Task statement:
Examine each line of the data, and copy the ones containing "imports".

Information supplied:
━━━━━━━━━━━━━━━━
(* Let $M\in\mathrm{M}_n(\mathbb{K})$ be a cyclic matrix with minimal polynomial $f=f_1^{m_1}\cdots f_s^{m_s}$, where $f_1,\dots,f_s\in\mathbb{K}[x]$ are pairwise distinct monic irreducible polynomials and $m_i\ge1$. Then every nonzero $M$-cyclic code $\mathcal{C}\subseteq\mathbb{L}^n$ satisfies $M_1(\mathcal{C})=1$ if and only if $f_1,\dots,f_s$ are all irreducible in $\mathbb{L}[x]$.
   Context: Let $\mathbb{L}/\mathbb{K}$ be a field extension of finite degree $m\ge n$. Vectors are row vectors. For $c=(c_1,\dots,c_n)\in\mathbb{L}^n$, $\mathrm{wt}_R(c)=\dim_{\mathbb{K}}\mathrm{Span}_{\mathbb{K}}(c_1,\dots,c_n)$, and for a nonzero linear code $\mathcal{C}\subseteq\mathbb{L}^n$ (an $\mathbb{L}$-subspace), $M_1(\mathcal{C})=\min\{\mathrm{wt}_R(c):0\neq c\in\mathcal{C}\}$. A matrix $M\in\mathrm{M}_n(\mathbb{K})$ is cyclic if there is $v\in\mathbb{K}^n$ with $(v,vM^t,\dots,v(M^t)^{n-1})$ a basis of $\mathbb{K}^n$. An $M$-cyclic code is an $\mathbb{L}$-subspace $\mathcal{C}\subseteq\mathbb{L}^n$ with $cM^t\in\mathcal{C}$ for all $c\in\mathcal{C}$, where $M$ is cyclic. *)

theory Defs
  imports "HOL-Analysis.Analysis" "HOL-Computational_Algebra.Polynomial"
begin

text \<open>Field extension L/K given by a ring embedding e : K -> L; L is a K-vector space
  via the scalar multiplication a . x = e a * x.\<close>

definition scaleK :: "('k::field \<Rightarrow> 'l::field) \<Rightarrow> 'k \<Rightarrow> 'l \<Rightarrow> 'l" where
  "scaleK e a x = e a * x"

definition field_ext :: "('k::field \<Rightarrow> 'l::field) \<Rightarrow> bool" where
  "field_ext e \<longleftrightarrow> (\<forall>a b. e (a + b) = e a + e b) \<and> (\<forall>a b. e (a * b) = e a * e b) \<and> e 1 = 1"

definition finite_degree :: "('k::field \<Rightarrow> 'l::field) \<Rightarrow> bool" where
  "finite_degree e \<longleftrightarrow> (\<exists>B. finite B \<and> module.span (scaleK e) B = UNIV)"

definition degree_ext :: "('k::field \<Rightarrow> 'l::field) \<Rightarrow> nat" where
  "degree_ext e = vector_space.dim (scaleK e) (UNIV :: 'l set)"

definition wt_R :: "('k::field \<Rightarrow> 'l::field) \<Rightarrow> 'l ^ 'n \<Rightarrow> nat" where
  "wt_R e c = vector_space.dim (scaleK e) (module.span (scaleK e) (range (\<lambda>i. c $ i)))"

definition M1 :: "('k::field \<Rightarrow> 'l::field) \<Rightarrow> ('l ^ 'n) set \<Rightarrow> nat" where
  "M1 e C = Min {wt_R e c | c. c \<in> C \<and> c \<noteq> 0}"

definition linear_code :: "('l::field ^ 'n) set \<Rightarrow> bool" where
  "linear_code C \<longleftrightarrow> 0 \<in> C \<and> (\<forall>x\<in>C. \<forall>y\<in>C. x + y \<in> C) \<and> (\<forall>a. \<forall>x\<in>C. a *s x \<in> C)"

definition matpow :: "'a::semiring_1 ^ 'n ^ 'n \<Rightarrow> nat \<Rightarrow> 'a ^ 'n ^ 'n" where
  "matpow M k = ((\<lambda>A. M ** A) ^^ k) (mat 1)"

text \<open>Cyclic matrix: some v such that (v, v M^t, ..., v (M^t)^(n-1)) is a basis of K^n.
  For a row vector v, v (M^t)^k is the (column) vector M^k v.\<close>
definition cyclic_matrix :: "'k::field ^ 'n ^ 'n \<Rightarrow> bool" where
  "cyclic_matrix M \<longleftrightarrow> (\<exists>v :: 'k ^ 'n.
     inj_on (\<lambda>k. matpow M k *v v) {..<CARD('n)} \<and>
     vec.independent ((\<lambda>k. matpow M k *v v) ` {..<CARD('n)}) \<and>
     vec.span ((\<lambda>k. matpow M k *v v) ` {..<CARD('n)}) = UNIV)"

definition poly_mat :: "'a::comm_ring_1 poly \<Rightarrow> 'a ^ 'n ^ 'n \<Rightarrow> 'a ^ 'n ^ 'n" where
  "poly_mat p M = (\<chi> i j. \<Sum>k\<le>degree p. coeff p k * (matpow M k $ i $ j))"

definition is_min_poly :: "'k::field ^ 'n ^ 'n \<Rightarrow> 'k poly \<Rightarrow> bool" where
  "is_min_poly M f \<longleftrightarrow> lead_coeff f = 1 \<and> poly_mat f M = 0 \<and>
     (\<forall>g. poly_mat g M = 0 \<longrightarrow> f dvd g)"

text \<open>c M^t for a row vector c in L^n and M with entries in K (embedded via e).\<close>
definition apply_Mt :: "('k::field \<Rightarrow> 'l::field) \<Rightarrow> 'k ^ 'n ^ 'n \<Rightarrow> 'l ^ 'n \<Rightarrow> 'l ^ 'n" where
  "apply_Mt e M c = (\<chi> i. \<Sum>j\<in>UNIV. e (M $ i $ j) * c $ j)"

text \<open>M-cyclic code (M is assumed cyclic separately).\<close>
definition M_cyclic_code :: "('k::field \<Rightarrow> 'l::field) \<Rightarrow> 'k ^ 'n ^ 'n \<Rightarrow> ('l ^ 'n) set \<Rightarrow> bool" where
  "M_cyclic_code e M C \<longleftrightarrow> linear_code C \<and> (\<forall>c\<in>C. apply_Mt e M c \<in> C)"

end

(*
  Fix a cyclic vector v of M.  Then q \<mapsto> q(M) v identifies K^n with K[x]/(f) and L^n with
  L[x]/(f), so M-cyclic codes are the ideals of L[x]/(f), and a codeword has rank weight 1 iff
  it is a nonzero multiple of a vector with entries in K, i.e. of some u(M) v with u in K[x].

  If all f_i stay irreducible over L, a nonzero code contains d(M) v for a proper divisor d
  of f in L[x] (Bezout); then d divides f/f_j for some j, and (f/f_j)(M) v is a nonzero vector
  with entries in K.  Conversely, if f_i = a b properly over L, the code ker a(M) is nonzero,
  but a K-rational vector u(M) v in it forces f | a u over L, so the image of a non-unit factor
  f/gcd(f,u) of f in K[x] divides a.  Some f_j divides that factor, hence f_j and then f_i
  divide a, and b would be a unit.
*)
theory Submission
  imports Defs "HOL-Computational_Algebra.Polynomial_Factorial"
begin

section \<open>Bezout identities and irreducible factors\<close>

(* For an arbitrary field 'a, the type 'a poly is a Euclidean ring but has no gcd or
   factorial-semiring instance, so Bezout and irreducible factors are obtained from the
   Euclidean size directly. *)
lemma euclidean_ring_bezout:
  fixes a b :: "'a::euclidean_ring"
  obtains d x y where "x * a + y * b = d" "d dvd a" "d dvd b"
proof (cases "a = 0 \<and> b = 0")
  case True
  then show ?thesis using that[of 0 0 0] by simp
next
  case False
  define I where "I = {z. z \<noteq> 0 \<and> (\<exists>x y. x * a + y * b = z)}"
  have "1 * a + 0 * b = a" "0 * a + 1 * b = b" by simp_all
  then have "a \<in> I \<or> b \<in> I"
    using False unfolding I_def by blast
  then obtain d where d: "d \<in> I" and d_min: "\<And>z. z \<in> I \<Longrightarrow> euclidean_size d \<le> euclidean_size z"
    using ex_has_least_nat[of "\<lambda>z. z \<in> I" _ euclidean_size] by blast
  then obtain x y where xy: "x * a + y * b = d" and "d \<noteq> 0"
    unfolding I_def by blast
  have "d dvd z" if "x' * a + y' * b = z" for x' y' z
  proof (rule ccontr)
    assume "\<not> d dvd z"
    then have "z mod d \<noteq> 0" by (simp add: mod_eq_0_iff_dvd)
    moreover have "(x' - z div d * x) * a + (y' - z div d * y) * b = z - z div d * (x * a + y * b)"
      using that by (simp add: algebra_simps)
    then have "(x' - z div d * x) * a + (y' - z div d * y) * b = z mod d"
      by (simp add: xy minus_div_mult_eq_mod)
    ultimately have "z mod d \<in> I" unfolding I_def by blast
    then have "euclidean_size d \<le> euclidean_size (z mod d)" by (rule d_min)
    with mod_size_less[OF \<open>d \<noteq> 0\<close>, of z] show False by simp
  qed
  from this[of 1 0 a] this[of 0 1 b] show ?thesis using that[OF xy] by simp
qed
━━━━━━━━━━━━━━━━
Response to the exercise:
  imports "HOL-Analysis.Analysis" "HOL-Computational_Algebra.Polynomial"
  imports Defs "HOL-Computational_Algebra.Polynomial_Factorial"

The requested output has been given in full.